Ades: Let’s get back to our conversation with Ellie Page. I licensed fiduciary in the state of California and vice president of the southern region of PFAC, the professional Fiduciary Association of California.

Why would I need a fiduciary necessarily because you talk about planning in my 60’s and a lot of that paperwork and planning would be involved with an attorney. Why would I choose a fiduciary over a family attorney to handle some of this.

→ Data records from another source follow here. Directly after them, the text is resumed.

(* There is a constant $C$ such that for every $n\ge1$ there is a distribution $D$ on $\mathbb{R}_{\ge0}$ such that, when $v_1,\dots,v_n$ are i.i.d. with distribution $D$ (arriving in any order, in particular uniformly random order), every fixed-threshold algorithm (any threshold $\tau$ and any tie probability $\theta\in[0,1]$) has expected value at most $(1-1/e+C/n)\,\mathbb{E}[\max_iv_i]$. One such $D$ takes value $n/(e-1)$ with probability $1/n^2$ and value $(e-2)/(e-1)$ otherwise.
   Context: A fixed-threshold algorithm with threshold $\tau$ and tie probability $\theta$ observes the values in arrival order and gives the (single) item to the first buyer whose value exceeds $\tau$, or equals $\tau$ and wins an independent coin of bias $\theta$; its value is that buyer's value ($0$ if none). *)

theory Defs
  imports "HOL-Probability.Probability"
begin

text \<open>i.i.d. list of length n drawn from p (entry i = i-th arrival).\<close>
fun iid_list_pmf :: "nat \<Rightarrow> 'a pmf \<Rightarrow> 'a list pmf" where
  "iid_list_pmf 0 p = return_pmf []"
| "iid_list_pmf (Suc n) p = bind_pmf p (\<lambda>x. map_pmf (\<lambda>xs. x # xs) (iid_list_pmf n p))"

fun fta :: "real \<Rightarrow> (real \<times> bool) list \<Rightarrow> real" where
  "fta \<tau> [] = 0"
| "fta \<tau> ((v, c) # rest) = (if \<tau> < v \<or> (v = \<tau> \<and> c) then v else fta \<tau> rest)"

definition sample_pmf :: "nat \<Rightarrow> real pmf \<Rightarrow> real \<Rightarrow> (real \<times> bool) list pmf" where
  "sample_pmf n D \<theta> = iid_list_pmf n (pair_pmf D (bernoulli_pmf \<theta>))"

definition fta_value :: "nat \<Rightarrow> real pmf \<Rightarrow> real \<Rightarrow> real \<Rightarrow> real" where
  "fta_value n D \<tau> \<theta> = measure_pmf.expectation (sample_pmf n D \<theta>) (fta \<tau>)"
section \<open>Extending homeomorphisms from charts\<close>

lemma continuous_map_cases_openin:
  assumes "openin X S" "openin X T" "topspace X \<subseteq> S \<union> T"
    and f: "continuous_map (subtopology X S) Y f" and g: "continuous_map (subtopology X T) Y g"
    and fg: "\<And>x. x \<in> S \<inter> T \<Longrightarrow> f x = g x"
  shows "continuous_map X Y (\<lambda>x. if x \<in> S then f x else g x)"
proof (rule pasting_lemma[where I = "{True, False}" and T = "\<lambda>b. if b then S else T"
                             and f = "\<lambda>b. if b then f else g"])
  show "\<exists>j. j \<in> {True, False} \<and> x \<in> (if j then S else T) \<and>
          (if x \<in> S then f x else g x) = (if j then f else g) x" if "x \<in> topspace X" for x
    using that assms(3) by (cases "x \<in> S") auto
qed (use assms(1,2) f g fg in auto)

definition locally_Euclidean :: "'a topology \<Rightarrow> nat \<Rightarrow> bool" where
  "locally_Euclidean M m \<longleftrightarrow>
     (\<forall>x \<in> topspace M. \<exists>U. openin M U \<and> x \<in> U \<and>
         subtopology M U homeomorphic_space Euclidean_space m)"

lemma manifold_of_dim_iff:
  "manifold_of_dim M m \<longleftrightarrow> connected_space M \<and> Hausdorff_space M \<and> locally_Euclidean M m"
  by (simp add: manifold_of_dim_def locally_Euclidean_def)

lemma chart_mapsD:
  assumes "U \<subseteq> topspace M" "homeomorphic_maps (subtopology M U) (Euclidean_space m) f g"
  shows "continuous_map (subtopology M U) (Euclidean_space m) f"
    and "continuous_map (Euclidean_space m) M g"
    and "\<And>x. x \<in> U \<Longrightarrow> f x \<in> topspace (Euclidean_space m)"
    and "\<And>y. y \<in> topspace (Euclidean_space m) \<Longrightarrow> g y \<in> U"
    and "\<And>x. x \<in> U \<Longrightarrow> g (f x) = x"
    and "\<And>y. y \<in> topspace (Euclidean_space m) \<Longrightarrow> f (g y) = y"
proof -
  have maps: "continuous_map (subtopology M U) (Euclidean_space m) f"
    "continuous_map (Euclidean_space m) (subtopology M U) g"
    "\<And>x. x \<in> U \<Longrightarrow> g (f x) = x" "\<And>y. y \<in> topspace (Euclidean_space m) \<Longrightarrow> f (g y) = y"
    using assms by (auto simp: homeomorphic_maps_def Int_absorb1)
  then show "continuous_map (subtopology M U) (Euclidean_space m) f"
    "continuous_map (Euclidean_space m) M g"
    "\<And>x. x \<in> U \<Longrightarrow> g (f x) = x" "\<And>y. y \<in> topspace (Euclidean_space m) \<Longrightarrow> f (g y) = y"
    using continuous_map_into_fulltopology by auto
  show "\<And>x. x \<in> U \<Longrightarrow> f x \<in> topspace (Euclidean_space m)"
    using continuous_map_image_subset_topspace[OF maps(1)] assms(1) by auto
  show "\<And>y. y \<in> topspace (Euclidean_space m) \<Longrightarrow> g y \<in> U"
    using continuous_map_image_subset_topspace[OF maps(2)] assms(1) by auto
qed

lemma locally_Euclidean_open_embedding:
  assumes "locally_Euclidean M m" "topspace M \<noteq> {}"
  obtains e where "continuous_map (Euclidean_space m) M e" "open_map (Euclidean_space m) M e"
    "inj_on e (topspace (Euclidean_space m))"
proof -
  obtain U where "openin M U" "subtopology M U homeomorphic_space Euclidean_space m"
    using assms unfolding locally_Euclidean_def by blast
  then obtain f g where "homeomorphic_maps (subtopology M U) (Euclidean_space m) f g"
    by (auto simp: homeomorphic_space_def)
  then have g: "homeomorphic_map (Euclidean_space m) (subtopology M U) g"
    using homeomorphic_map_maps homeomorphic_maps_sym by blast
  show ?thesis
    using that continuous_map_into_fulltopology[OF homeomorphic_imp_continuous_map[OF g]]
      open_map_from_open_subtopology[OF \<open>openin M U\<close> homeomorphic_imp_open_map[OF g]]
      homeomorphic_imp_injective_map[OF g]
    by blast
qed

text \<open>Hausdorffness makes the image of the compact support closed, so the extended map is
  glued from two continuous maps on an open cover.\<close>

lemma continuous_map_extend_from_chart:
  assumes "Hausdorff_space M" "openin M U"
    and fg: "homeomorphic_maps (subtopology M U) (Euclidean_space m) f g"
    and h: "continuous_map (Euclidean_space m) (Euclidean_space m) h"
    and L: "compactin (Euclidean_space m) L"
    and h_fixes: "\<And>x. x \<in> topspace (Euclidean_space m) - L \<Longrightarrow> h x = x"
  shows "continuous_map M M (\<lambda>x. if x \<in> U then g (h (f x)) else x)"
proof (rule continuous_map_cases_openin)
  note chart = chart_mapsD[OF openin_subset[OF assms(2)] fg]
  have "closedin M (g ` L)"
    using compactin_imp_closedin[OF assms(1) image_compactin[OF L chart(2)]] .
  then show "openin M (topspace M - g ` L)"
    by blast
  show "topspace M \<subseteq> U \<union> (topspace M - g ` L)"
    using compactin_subset_topspace[OF L] chart(4) by auto
  show "continuous_map (subtopology M U) M (\<lambda>x. g (h (f x)))"
    using continuous_map_compose[OF continuous_map_compose[OF chart(1) h] chart(2)]
    by (simp add: o_def)
  show "g (h (f x)) = x" if "x \<in> U \<inter> (topspace M - g ` L)" for x
  proof -
    have "f x \<notin> L"
      using that chart(5) by (metis Diff_iff IntE image_eqI)
    then show ?thesis
      using that chart(3,5) h_fixes by auto
  qed
qed (use assms(2) in \<open>simp_all add: continuous_map_from_subtopology\<close>)

lemma homeomorphic_maps_extend_from_chart:
  assumes "Hausdorff_space M" "openin M U"
    and fg: "homeomorphic_maps (subtopology M U) (Euclidean_space m) f g"
    and \<psi>: "homeomorphic_maps (Euclidean_space m) (Euclidean_space m) \<psi> \<psi>'"
    and L: "compactin (Euclidean_space m) L"
    and fixed: "\<And>x. x \<in> topspace (Euclidean_space m) - L \<Longrightarrow> \<psi> x = x \<and> \<psi>' x = x"
  shows "homeomorphic_maps M M (\<lambda>x. if x \<in> U then g (\<psi> (f x)) else x)
                               (\<lambda>x. if x \<in> U then g (\<psi>' (f x)) else x)"
proof -
  note chart = chart_mapsD[OF openin_subset[OF assms(2)] fg]
  have \<psi>_cont: "continuous_map (Euclidean_space m) (Euclidean_space m) \<psi>"
    "continuous_map (Euclidean_space m) (Euclidean_space m) \<psi>'"
    using \<psi> by (auto simp: homeomorphic_maps_def)
  have \<psi>_inverse: "\<And>x. x \<in> topspace (Euclidean_space m) \<Longrightarrow> \<psi>' (\<psi> x) = x"
    "\<And>x. x \<in> topspace (Euclidean_space m) \<Longrightarrow> \<psi> (\<psi>' x) = x"
    "\<And>x. x \<in> topspace (Euclidean_space m) \<Longrightarrow> \<psi> x \<in> topspace (Euclidean_space m)"
    "\<And>x. x \<in> topspace (Euclidean_space m) \<Longrightarrow> \<psi>' x \<in> topspace (Euclidean_space m)"
    using \<psi> by (auto simp: homeomorphic_maps_def dest: continuous_map_image_subset_topspace)
  have "\<And>x. x \<in> topspace (Euclidean_space m) - L \<Longrightarrow> \<psi> x = x"
    "\<And>x. x \<in> topspace (Euclidean_space m) - L \<Longrightarrow> \<psi>' x = x"
    using fixed by simp_all
  then show ?thesis
    unfolding homeomorphic_maps_def
    using continuous_map_extend_from_chart[OF assms(1,2) fg \<psi>_cont(1) L]
      continuous_map_extend_from_chart[OF assms(1,2) fg \<psi>_cont(2) L]
      fixed \<psi>_inverse chart(3-6)
    by auto
qed
(* Let $\mathbb{K}$ be a field of characteristic zero and let $\mathbb{D}=\{\nabla^{a(1)}_{i(1)},\ldots,\nabla^{a(m)}_{i(m)}\}$ be a finite set of homogeneous locally nilpotent derivations of $\mathbb{K}[x_1,\ldots,x_n]$ (defined below). Let $\mathbb{D}'\subseteq\mathbb{D}$ be the set of those derivations whose vertices in the graph $\Gamma(\mathbb{D})$ lie on some oriented cycle, and $\mathbb{D}''=\mathbb{D}\setminus\mathbb{D}'$. Assume that all derivations in $\mathbb{D}'$ have weight zero. Let $D_1\in\mathbb{D}'$, $D_2\in\mathbb{D}''$ and $D:=[D_1,D_2]$. Then either $D=0$, or $D$ is (a nonzero scalar multiple of) a derivation of the form $\nabla^b_j$ and the vertex corresponding to $D$ in the graph $\Gamma(\mathbb{D}\cup\{D\})$ is not contained in any oriented cycle.
   Context: $\partial_i=\partial/\partial x_i$. For $1\le i\le n$ and $a\in\mathbb{Z}^n_{\ge0}$ with $a_i=0$, $\nabla^a_i:=x_1^{a_1}\cdots x_{i-1}^{a_{i-1}}x_{i+1}^{a_{i+1}}\cdots x_n^{a_n}\partial_i$; its weight is $\sum_ja_j-1$ (so weight zero derivations are $x_j\partial_i$ with $j\neq i$). For a finite set $\mathbb{D}=\{\nabla^{a(1)}_{i(1)},\ldots,\nabla^{a(m)}_{i(m)}\}$, the directed graph $\Gamma(\mathbb{D})$ has vertices $1,\ldots,m$ (vertex $s$ corresponding to $\nabla^{a(s)}_{i(s)}$), and $(s,j)$ is an edge if and only if the $i(s)$-th coordinate of $a(j)$ is positive. $[D_1,D_2]=D_1\circ D_2-D_2\circ D_1$. *)

theory Defs
  imports "HOL-Library.Poly_Mapping"
begin

type_synonym 'a mpoly = "(nat \<Rightarrow>\<^sub>0 nat) \<Rightarrow>\<^sub>0 'a"

definition in_vars :: "nat \<Rightarrow> ('a::zero) mpoly \<Rightarrow> bool" where
  "in_vars n p \<longleftrightarrow> (\<forall>m::nat \<Rightarrow>\<^sub>0 nat. m \<in> Poly_Mapping.keys p \<longrightarrow> Poly_Mapping.keys m \<subseteq> {1..n})"

definition mpd :: "nat \<Rightarrow> ('a::comm_ring_1) mpoly \<Rightarrow> 'a mpoly" where
  "mpd i p = (\<Sum>m\<in>Poly_Mapping.keys p. if Poly_Mapping.lookup m i > 0
       then Poly_Mapping.single (m - Poly_Mapping.single i 1) (of_nat (Poly_Mapping.lookup m i) * Poly_Mapping.lookup p m)
       else 0)"

text \<open>A derivation nabla^a_i is encoded by the pair (a, i).\<close>
definition nabla :: "(nat \<Rightarrow>\<^sub>0 nat) \<times> nat \<Rightarrow> ('a::comm_ring_1) mpoly \<Rightarrow> 'a mpoly" where
  "nabla d p = Poly_Mapping.single (fst d) 1 * mpd (snd d) p"

definition valid_nabla :: "nat \<Rightarrow> (nat \<Rightarrow>\<^sub>0 nat) \<times> nat \<Rightarrow> bool" where
  "valid_nabla n d \<longleftrightarrow> snd d \<in> {1..n} \<and> Poly_Mapping.keys (fst d) \<subseteq> {1..n} \<and> Poly_Mapping.lookup (fst d) (snd d) = 0"
lemma act_part_extend_part:
  assumes inj: "inj \<tau>" and fix_n: "\<tau> n = n" and fix_Suc_n: "\<tau> (Suc n) = Suc n"
  shows "act_part \<tau> (extend_part n P) = extend_part n (act_part \<tau> P)"
proof -
  have "n \<in> \<tau> ` B \<longleftrightarrow> n \<in> B" for B using inj fix_n by (metis inj_image_mem_iff)
  then have "\<tau> ` (if n \<in> B then insert (Suc n) B else B)
      = (if n \<in> \<tau> ` B then insert (Suc n) (\<tau> ` B) else \<tau> ` B)" for B
    using fix_Suc_n by simp
  then show ?thesis unfolding act_part_def extend_part_def image_image by simp
qed

lemma act_part_transpose_extend_part:
  assumes P: "partition_on {1..n} P"
  shows "act_part (transpose n (Suc n)) (extend_part n P) = extend_part n P"
proof -
  have "transpose n (Suc n) ` (if n \<in> B then insert (Suc n) B else B)
      = (if n \<in> B then insert (Suc n) B else B)" if "B \<in> P" for B
    using partition_on_block_subset[OF P that] by (auto simp: transpose_def image_iff)
  then show ?thesis unfolding act_part_def extend_part_def image_image by (simp cong: image_cong)
qed

section \<open>Maximal chains of \<open>\<Pi>\<^sub>n(S)\<close> and of \<open>\<Pi>\<^sub>n\<^sub>+\<^sub>1({1} \<union> (S + 1))\<close>\<close>

abbreviation shift_ranks :: "nat set \<Rightarrow> nat set" where
  "shift_ranks S \<equiv> {1} \<union> (\<lambda>s. s + 1) ` S"

definition extend_chain :: "nat \<Rightarrow> nat set set set \<Rightarrow> nat set set set" where
  "extend_chain n C = insert (last_atom n) (extend_part n ` C)"

definition restrict_chain :: "nat \<Rightarrow> nat set set set \<Rightarrow> nat set set set" where
  "restrict_chain n E = restrict_part n ` (E - {last_atom n})"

Page: No you don’t. you actually will go to an attorney. An estate attorney. And he will put together your living trust. Just to give a very simple example. Once your living trust is drawn you are the trustee of your trust and you can act on your behalf right now. But what happens when one day you are no longer capable of making sound decisions then you need a successor trustee and that’s when we come into play. We are being named on your paperwork as your successor trustee. Why wouldn’t somebody name their son or their niece as a successor trustee. Very often they do that and later on they regret it because believe me it’s always about the money. There’s always that family feud erupting all of a sudden and people are fighting amongst themselves about how to handle the money, how to handle dads healthcare. If the decision was to be made right there and then and be the right decision it is so much better to have an impartial professional to make those decisions for them. It’s just so much easier and also there’s another situation when people don’t really have close ones to put on their paperwork.

Ades: What are the biggest things you experience with an elder letting go of their, it sounds like you’re dealing with a lot of change, change for families, acceptance with an elder who may be moving into the final stages or an elder who may have resistance from leaving their home or making physical changes in their home if they’re in a two story home to a single story home. Tell me a little bit about how you can guide seniors to make living changes and acceptance and come of the emotional challenges they’re faced with as we get older.

Page: We do that all the time. That’s exactly what we do. We help people transition from this stage to that stage of their lives. If there is family around we always try to partner with them. As I say I’m not here to run a dictator ship, I’m here to run a partnership. A partnership with my client, with the attorneys, with the family. And that’s the right way to do it. We try to go hand in hand and make those decisions together for the benefit of the client, always having the best interests of the client in mind. This is number one. Now if there an instance when there’s no family around like I just told you about then the decision is all mine and if the client is capable of helping me a little bit or if there is something in writing that can kind of guide me though, great. But I’ve had situations where the client wouldn’t respond at all to the circumstances, there’s nothing in writing, and o have to do a little bit of guesswork, a little bit of investigators work like call neighbors and friends and ask them what do you think it is that Mrs. so and so wanted to do if this and this happened to her. It’s very challenging, it’s very interesting, but it takes a lot out of you.